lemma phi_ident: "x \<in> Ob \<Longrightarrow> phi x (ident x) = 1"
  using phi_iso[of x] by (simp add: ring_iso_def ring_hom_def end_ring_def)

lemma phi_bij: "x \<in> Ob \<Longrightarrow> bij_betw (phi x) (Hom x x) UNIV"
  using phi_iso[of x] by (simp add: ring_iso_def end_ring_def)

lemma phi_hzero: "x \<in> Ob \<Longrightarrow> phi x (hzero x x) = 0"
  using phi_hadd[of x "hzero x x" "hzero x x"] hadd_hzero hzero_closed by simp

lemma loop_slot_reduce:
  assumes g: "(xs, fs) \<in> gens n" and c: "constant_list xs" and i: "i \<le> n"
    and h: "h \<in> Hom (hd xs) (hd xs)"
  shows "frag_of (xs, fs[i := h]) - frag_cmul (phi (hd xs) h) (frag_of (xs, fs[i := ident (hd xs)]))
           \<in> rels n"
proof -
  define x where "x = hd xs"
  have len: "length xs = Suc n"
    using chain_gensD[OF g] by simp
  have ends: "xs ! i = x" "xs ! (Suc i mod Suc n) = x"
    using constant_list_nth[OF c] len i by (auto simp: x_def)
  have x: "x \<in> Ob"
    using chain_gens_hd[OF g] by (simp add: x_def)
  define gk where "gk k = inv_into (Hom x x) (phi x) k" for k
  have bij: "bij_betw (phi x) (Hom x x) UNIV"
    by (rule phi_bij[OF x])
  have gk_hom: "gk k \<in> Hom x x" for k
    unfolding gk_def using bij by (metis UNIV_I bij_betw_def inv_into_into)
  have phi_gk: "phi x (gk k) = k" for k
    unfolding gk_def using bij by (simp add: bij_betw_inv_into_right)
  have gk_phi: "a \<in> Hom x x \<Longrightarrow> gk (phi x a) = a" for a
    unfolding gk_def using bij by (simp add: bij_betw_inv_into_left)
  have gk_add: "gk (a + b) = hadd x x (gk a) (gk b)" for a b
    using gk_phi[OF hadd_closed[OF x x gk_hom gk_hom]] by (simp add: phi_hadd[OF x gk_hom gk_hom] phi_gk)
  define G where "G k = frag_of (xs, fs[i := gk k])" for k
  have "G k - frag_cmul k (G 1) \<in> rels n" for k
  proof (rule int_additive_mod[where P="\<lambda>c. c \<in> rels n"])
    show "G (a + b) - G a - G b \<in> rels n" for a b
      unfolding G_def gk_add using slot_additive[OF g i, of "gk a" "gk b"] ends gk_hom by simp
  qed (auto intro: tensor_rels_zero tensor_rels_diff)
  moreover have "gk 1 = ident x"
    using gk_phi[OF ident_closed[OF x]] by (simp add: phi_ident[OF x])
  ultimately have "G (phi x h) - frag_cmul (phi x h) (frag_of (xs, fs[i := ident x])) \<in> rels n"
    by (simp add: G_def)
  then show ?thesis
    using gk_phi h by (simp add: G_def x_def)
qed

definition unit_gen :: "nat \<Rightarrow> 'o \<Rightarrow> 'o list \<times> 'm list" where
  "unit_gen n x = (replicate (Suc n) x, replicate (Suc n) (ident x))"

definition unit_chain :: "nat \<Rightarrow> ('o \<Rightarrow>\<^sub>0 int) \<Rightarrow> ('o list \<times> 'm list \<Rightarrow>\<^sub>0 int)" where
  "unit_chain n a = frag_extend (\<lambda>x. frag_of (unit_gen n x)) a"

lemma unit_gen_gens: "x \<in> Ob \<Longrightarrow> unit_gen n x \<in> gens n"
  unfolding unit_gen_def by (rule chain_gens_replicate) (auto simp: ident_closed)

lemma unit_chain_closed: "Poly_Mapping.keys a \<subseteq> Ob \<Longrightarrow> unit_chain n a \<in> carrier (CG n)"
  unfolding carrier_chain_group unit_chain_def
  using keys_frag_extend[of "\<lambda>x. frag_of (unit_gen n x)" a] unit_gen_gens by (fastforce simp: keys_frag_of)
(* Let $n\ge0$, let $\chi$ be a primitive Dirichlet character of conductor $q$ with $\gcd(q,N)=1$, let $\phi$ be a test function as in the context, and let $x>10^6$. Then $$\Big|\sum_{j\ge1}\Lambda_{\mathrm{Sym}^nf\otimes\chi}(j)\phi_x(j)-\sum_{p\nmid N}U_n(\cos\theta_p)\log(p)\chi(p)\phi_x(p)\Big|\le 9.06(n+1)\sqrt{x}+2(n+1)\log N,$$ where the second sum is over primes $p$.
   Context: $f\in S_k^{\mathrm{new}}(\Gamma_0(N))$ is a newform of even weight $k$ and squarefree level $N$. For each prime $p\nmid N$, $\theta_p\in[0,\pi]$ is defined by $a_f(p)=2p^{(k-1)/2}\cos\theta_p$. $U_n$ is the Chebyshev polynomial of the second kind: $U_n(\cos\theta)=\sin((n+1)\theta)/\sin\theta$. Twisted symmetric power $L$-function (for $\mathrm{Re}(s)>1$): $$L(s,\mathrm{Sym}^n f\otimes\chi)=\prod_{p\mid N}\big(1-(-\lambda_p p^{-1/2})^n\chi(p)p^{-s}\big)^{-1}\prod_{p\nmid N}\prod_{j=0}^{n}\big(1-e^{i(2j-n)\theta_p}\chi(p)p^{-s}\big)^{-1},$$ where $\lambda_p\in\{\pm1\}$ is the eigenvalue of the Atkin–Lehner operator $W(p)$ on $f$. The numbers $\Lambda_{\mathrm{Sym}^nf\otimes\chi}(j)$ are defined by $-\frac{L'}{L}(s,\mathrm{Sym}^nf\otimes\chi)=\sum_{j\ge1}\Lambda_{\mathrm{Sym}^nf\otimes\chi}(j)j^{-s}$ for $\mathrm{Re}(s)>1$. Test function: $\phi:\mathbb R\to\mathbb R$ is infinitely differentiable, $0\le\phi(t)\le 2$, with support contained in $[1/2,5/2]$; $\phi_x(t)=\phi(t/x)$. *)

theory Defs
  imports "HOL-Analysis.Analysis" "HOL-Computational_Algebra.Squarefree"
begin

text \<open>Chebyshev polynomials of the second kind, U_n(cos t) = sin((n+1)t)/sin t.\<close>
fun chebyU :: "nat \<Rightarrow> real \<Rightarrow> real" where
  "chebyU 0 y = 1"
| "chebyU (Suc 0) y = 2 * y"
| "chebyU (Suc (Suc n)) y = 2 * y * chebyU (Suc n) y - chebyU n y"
========
## Task to carry out:
Take the line that contains "text \<open>Chebyshev polynomials" and each line after it down to the last of the records, and retype them exactly; add nothing else.

## Answer space:
text \<open>Chebyshev polynomials of the second kind, U_n(cos t) = sin((n+1)t)/sin t.\<close>
fun chebyU :: "nat \<Rightarrow> real \<Rightarrow> real" where
  "chebyU 0 y = 1"
| "chebyU (Suc 0) y = 2 * y"
| "chebyU (Suc (Suc n)) y = 2 * y * chebyU (Suc n) y - chebyU n y"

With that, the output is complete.